Source records:
______________________________

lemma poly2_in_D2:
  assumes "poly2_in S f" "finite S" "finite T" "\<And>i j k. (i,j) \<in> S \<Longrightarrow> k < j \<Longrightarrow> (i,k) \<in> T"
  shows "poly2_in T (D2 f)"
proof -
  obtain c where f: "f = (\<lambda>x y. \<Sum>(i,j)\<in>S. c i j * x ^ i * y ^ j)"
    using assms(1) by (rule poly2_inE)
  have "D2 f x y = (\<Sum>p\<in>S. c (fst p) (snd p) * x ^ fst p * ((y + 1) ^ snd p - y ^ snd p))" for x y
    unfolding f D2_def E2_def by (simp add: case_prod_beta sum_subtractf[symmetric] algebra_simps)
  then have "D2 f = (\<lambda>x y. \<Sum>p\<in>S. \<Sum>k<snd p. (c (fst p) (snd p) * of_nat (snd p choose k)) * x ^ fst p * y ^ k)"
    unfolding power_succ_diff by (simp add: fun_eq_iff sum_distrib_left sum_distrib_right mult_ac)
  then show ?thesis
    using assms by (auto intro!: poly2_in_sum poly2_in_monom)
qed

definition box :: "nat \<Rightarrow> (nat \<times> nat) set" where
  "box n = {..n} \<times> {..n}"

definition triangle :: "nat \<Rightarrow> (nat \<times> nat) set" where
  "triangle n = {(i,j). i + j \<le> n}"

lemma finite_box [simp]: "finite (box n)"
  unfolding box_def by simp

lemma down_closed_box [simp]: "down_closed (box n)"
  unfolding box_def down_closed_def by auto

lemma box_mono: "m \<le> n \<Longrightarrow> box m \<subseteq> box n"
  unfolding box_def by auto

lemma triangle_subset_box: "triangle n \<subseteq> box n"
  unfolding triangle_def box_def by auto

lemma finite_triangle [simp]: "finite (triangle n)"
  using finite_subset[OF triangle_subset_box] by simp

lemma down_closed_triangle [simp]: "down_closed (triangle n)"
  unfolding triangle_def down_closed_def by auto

______________________________

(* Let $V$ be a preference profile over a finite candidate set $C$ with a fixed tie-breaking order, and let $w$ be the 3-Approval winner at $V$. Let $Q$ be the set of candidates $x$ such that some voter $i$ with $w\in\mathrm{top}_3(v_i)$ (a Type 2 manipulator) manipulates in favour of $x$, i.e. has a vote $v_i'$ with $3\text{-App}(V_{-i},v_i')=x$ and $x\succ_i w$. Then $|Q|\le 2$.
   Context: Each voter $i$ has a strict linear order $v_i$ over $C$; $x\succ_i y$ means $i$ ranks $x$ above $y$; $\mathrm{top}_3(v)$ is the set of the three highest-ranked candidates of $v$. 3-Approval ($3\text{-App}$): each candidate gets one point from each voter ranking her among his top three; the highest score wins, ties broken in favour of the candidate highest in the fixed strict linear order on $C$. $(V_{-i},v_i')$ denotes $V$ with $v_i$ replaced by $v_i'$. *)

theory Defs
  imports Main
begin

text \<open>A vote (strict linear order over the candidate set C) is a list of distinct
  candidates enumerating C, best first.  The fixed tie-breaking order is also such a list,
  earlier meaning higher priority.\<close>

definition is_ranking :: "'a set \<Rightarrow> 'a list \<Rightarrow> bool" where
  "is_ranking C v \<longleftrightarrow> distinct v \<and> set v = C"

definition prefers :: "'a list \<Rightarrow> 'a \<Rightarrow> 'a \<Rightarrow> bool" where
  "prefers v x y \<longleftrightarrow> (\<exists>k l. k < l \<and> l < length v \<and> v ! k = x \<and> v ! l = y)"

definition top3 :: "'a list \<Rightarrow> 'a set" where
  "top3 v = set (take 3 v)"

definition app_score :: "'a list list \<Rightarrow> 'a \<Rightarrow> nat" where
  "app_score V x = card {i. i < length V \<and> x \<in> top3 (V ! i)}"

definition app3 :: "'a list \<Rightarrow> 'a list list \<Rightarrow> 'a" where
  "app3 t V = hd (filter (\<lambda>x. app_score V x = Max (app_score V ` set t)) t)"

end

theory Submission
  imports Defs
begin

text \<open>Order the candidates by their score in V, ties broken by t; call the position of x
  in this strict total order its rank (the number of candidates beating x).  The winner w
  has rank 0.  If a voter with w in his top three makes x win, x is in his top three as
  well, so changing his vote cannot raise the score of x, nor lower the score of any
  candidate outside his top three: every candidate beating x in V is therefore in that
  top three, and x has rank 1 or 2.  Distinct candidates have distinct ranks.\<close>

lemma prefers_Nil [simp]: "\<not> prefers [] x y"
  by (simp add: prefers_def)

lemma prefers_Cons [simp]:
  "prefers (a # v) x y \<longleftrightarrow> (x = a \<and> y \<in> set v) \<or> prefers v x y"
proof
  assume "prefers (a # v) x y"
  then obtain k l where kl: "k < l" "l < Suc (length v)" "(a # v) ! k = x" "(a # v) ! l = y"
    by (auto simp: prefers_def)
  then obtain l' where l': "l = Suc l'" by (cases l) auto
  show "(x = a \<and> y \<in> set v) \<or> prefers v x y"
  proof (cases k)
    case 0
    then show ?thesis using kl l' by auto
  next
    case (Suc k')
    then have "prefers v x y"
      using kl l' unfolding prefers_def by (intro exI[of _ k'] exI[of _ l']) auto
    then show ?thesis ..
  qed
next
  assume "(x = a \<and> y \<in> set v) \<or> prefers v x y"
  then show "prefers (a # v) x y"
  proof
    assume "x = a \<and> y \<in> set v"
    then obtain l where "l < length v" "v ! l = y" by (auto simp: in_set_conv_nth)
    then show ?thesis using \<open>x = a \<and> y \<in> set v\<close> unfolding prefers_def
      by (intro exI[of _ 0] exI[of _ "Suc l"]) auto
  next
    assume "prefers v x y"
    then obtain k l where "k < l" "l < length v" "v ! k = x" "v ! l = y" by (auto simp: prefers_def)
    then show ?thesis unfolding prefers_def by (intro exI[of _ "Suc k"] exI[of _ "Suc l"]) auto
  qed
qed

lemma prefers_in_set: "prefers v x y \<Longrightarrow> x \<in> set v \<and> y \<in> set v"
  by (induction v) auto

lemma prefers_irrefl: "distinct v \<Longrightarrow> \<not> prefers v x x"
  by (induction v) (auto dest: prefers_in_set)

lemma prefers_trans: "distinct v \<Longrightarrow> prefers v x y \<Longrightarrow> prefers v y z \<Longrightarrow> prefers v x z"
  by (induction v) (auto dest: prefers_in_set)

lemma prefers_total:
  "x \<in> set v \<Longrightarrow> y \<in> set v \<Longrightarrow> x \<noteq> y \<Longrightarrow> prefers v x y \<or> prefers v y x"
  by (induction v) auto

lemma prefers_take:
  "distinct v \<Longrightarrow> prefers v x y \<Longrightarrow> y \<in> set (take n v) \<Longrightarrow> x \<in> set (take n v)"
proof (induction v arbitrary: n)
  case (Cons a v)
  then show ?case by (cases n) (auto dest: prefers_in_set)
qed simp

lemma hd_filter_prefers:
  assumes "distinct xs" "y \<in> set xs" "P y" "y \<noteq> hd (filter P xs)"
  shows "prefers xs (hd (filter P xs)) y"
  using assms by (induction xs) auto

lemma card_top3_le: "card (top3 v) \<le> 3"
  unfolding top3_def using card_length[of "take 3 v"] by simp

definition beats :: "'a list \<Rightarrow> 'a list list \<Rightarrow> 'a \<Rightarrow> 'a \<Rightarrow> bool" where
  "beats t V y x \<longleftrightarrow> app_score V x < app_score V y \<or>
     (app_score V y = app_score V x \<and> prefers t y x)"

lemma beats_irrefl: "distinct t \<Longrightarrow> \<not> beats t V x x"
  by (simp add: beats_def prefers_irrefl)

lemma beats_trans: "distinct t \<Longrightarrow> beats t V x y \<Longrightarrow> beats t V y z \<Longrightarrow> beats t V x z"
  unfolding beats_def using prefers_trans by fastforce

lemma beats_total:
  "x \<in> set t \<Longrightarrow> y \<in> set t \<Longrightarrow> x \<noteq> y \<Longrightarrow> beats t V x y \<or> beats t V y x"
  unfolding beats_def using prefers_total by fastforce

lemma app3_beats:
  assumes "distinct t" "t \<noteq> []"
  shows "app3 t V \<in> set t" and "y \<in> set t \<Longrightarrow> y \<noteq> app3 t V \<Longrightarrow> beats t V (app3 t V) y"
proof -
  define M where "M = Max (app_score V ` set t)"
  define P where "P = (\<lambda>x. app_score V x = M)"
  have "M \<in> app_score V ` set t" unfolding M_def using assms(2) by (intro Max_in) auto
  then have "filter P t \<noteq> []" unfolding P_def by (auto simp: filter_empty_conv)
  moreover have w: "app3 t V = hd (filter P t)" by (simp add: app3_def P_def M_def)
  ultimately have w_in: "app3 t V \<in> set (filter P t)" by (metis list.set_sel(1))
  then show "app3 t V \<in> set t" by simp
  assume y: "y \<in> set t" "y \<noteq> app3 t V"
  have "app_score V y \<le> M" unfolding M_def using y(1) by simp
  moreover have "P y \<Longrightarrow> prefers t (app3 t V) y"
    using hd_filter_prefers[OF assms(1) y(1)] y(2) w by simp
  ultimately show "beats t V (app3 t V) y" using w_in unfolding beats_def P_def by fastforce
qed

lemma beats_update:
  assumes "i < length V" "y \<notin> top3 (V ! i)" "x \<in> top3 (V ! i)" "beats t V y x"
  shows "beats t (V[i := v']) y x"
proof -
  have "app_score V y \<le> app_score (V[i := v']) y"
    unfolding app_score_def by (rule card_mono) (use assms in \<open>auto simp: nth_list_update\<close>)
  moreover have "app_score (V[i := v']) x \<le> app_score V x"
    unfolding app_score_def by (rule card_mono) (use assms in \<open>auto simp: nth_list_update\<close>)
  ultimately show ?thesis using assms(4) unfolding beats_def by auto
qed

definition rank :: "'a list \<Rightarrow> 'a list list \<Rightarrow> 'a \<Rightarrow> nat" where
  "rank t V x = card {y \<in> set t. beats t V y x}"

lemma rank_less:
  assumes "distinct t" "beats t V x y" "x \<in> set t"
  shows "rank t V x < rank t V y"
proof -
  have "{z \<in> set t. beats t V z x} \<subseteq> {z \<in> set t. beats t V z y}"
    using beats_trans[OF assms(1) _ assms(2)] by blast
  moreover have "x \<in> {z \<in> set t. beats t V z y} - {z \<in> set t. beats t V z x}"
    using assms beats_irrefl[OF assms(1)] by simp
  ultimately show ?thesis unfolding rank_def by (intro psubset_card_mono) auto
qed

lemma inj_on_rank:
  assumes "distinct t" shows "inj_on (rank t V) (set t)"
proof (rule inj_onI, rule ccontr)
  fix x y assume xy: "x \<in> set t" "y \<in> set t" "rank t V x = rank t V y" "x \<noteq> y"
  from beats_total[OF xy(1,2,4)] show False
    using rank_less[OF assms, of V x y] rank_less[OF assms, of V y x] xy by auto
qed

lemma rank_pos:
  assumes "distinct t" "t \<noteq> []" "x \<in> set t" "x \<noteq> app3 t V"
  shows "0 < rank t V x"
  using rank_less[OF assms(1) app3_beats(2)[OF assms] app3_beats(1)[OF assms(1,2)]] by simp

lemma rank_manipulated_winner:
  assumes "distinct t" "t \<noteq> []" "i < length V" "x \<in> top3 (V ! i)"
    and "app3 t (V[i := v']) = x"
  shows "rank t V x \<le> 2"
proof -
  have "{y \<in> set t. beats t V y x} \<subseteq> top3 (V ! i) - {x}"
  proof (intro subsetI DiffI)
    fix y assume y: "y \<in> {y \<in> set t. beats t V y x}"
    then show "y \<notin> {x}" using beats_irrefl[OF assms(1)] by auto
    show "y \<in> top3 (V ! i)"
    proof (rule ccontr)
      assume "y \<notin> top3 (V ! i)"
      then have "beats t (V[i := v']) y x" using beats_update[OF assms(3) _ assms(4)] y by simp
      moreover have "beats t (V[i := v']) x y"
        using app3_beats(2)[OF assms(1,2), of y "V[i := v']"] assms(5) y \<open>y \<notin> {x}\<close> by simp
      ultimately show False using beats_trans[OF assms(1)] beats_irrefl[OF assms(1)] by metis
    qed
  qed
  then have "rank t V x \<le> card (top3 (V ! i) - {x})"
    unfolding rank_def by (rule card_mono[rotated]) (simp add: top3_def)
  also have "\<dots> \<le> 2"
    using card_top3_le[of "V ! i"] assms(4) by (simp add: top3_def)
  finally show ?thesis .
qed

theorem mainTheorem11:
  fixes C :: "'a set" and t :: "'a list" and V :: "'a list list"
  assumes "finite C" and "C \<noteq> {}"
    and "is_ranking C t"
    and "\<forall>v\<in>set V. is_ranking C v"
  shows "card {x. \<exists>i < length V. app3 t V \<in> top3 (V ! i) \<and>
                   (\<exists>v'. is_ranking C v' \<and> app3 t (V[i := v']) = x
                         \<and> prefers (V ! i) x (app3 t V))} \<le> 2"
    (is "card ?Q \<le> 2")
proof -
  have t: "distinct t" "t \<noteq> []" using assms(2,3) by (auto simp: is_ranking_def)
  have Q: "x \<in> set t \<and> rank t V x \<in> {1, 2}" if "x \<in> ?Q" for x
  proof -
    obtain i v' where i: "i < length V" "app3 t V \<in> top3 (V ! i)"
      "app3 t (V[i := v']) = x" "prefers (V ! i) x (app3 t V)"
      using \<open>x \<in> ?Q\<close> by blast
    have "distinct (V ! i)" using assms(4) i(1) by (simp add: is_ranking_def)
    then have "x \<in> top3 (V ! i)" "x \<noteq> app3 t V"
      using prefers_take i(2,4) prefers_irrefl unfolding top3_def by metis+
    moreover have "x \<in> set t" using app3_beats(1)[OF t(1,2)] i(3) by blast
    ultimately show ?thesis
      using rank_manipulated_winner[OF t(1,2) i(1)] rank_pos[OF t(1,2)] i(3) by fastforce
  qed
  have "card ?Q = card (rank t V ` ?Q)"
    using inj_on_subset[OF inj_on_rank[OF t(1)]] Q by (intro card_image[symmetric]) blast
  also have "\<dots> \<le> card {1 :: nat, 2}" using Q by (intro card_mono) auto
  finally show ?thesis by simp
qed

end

______________________________

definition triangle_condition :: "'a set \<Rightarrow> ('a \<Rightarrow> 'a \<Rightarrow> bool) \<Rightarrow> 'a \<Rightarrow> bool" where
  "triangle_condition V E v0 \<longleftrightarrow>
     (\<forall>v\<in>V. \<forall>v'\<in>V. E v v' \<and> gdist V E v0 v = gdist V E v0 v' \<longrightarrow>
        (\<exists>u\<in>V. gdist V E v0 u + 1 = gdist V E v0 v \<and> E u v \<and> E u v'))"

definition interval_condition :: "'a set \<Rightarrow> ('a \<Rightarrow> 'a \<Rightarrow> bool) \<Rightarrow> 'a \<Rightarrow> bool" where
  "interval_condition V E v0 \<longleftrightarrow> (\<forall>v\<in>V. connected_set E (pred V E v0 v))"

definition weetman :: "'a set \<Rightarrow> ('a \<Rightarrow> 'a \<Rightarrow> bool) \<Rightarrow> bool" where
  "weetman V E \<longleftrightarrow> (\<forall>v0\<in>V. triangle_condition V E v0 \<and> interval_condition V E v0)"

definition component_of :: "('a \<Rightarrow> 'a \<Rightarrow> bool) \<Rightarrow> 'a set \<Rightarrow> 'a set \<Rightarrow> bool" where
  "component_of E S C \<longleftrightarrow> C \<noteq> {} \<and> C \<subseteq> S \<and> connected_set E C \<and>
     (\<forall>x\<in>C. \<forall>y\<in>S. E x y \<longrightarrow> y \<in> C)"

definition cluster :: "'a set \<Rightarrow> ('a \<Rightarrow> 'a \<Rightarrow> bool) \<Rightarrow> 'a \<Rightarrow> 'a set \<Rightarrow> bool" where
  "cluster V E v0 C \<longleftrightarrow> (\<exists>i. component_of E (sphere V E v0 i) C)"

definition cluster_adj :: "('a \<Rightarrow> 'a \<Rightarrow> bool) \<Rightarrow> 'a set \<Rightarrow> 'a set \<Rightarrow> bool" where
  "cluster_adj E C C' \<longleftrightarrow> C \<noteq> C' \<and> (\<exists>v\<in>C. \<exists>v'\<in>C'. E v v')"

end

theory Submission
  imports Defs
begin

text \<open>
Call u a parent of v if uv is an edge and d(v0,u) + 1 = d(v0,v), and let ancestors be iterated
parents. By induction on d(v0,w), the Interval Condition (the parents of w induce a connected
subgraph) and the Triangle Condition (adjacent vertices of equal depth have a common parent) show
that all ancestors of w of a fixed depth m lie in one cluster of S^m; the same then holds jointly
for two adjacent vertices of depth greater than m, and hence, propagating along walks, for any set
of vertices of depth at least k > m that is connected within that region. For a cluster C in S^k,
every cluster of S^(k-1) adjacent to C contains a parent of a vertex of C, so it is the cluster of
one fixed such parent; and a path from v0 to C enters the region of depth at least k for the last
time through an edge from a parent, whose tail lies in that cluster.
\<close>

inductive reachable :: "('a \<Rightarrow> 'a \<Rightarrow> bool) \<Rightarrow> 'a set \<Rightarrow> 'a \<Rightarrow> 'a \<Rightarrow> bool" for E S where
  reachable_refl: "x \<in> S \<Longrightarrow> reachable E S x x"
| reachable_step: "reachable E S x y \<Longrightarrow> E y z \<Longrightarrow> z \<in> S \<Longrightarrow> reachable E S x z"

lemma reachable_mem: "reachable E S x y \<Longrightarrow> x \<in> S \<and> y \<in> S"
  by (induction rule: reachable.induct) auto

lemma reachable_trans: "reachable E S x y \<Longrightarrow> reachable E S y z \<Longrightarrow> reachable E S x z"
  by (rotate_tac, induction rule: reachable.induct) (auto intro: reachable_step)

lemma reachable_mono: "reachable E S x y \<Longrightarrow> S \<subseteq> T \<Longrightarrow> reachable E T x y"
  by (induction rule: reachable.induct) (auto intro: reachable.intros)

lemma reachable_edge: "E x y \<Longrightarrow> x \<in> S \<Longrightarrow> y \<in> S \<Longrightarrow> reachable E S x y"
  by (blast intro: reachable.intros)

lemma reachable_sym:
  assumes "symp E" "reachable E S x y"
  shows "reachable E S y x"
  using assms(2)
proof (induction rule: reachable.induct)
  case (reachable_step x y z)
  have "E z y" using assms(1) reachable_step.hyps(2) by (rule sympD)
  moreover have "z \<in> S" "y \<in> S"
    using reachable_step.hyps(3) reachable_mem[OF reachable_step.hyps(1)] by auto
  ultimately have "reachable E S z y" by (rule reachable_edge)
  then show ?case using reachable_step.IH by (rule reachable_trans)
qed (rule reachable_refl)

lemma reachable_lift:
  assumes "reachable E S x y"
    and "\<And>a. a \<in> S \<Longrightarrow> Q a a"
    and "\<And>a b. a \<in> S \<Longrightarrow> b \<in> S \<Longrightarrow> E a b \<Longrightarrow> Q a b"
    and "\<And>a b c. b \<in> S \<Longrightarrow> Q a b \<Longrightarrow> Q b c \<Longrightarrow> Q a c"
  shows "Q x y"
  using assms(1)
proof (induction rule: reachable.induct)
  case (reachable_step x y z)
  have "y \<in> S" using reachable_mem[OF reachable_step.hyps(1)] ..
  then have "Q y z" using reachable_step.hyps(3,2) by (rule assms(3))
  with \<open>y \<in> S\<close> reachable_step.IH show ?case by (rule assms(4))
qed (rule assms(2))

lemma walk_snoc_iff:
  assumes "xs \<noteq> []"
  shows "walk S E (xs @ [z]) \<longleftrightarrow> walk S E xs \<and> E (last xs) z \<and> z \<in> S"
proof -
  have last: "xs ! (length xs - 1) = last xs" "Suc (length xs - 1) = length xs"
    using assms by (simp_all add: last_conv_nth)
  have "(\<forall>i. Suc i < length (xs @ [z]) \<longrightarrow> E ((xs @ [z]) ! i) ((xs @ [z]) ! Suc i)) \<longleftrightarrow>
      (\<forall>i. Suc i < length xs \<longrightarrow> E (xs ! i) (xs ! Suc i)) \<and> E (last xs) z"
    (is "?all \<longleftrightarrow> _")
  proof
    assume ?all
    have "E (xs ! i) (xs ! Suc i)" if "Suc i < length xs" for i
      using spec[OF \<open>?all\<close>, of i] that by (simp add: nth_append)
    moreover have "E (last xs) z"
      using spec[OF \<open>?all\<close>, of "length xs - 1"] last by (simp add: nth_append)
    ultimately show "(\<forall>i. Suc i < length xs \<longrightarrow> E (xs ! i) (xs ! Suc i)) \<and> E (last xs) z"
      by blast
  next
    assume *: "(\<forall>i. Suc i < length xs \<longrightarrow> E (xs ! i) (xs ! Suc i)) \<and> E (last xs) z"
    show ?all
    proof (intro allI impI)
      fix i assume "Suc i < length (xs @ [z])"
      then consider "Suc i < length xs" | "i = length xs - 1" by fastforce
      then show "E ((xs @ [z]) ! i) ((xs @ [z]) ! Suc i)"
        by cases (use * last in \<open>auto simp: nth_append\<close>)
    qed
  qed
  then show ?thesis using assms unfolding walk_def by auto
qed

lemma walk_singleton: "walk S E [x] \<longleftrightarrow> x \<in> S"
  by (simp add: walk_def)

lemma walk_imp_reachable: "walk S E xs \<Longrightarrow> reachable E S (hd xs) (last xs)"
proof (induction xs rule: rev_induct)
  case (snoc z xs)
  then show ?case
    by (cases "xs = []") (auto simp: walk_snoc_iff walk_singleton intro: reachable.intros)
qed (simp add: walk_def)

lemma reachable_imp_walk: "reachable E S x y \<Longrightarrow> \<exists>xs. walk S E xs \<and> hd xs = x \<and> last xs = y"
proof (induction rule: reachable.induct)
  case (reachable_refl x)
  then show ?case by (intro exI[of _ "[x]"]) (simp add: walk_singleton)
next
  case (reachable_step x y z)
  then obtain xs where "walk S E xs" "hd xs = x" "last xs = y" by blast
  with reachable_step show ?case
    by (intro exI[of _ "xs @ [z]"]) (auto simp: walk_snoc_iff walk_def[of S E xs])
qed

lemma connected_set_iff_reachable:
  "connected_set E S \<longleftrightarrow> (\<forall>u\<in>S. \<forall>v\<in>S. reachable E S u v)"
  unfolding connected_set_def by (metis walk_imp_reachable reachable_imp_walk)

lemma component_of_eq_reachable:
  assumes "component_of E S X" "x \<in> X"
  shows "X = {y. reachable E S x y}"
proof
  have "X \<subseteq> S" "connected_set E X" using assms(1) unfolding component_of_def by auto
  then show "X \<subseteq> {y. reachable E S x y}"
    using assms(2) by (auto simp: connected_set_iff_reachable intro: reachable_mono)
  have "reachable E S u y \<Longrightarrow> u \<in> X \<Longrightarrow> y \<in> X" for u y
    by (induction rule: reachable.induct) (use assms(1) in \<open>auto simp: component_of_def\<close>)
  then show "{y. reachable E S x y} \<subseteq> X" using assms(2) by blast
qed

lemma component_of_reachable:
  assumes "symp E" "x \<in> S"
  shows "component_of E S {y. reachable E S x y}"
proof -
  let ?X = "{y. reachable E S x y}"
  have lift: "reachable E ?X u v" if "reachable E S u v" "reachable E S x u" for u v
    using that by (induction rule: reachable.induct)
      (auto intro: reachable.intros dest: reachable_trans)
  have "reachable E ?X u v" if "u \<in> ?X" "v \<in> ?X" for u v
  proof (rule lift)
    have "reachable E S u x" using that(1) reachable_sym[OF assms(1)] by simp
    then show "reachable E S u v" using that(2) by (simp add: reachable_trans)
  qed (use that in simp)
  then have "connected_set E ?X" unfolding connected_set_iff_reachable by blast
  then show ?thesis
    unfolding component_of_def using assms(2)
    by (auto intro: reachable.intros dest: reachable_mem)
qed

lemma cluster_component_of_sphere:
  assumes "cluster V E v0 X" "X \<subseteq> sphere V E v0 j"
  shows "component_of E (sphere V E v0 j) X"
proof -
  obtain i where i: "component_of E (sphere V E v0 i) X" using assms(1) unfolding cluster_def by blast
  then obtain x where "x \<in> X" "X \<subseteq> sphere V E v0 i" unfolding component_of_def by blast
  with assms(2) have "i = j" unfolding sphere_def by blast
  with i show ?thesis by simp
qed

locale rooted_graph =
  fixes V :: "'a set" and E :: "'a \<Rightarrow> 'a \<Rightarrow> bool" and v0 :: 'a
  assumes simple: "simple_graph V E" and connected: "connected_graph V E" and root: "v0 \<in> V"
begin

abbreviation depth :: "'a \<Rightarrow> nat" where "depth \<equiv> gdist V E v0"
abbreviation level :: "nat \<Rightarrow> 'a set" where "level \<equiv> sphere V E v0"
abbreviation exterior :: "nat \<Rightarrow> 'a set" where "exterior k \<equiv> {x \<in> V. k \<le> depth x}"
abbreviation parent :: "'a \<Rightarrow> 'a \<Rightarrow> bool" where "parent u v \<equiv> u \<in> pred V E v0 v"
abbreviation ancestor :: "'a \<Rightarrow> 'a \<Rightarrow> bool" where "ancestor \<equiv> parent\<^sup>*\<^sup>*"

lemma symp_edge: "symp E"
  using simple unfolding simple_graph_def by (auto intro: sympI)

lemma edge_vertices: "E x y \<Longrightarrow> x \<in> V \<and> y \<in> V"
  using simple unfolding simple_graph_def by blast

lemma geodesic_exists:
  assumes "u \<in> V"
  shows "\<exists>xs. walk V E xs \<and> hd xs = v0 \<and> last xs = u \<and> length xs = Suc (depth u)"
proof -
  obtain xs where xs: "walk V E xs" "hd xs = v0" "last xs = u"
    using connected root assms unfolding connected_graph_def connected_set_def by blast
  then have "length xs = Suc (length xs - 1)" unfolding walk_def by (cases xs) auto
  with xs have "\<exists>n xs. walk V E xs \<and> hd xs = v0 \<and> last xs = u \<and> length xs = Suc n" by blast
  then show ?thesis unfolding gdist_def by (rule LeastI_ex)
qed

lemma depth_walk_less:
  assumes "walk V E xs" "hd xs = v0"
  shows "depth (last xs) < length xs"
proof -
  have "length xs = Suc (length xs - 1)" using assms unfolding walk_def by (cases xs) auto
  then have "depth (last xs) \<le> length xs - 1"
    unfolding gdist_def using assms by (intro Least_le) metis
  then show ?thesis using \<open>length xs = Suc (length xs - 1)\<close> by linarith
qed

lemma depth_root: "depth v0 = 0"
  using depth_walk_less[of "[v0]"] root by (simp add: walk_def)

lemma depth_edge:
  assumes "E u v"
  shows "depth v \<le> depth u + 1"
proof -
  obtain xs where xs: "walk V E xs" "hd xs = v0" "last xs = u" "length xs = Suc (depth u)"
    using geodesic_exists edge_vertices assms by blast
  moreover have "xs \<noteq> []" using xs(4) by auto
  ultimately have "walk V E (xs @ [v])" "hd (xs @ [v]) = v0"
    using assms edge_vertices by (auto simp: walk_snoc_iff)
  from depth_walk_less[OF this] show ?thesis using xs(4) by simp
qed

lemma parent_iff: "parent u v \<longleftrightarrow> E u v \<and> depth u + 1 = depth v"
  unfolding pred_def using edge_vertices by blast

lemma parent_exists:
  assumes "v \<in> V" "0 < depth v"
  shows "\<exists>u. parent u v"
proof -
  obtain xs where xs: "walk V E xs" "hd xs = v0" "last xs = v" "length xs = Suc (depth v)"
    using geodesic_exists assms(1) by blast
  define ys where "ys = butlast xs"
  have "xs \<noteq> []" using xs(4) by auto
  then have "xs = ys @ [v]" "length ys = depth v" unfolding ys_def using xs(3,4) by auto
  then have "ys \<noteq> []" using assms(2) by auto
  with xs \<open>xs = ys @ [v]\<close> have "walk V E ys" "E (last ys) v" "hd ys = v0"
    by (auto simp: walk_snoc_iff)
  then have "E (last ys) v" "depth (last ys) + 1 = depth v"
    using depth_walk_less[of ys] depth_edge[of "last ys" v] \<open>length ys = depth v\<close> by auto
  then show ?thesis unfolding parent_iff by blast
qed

______________________________

- DESCRIPTION OF THE TASK:
The answer should be nothing but the number of lines above that contain "hyps".

- EXPECTED ANSWER:
4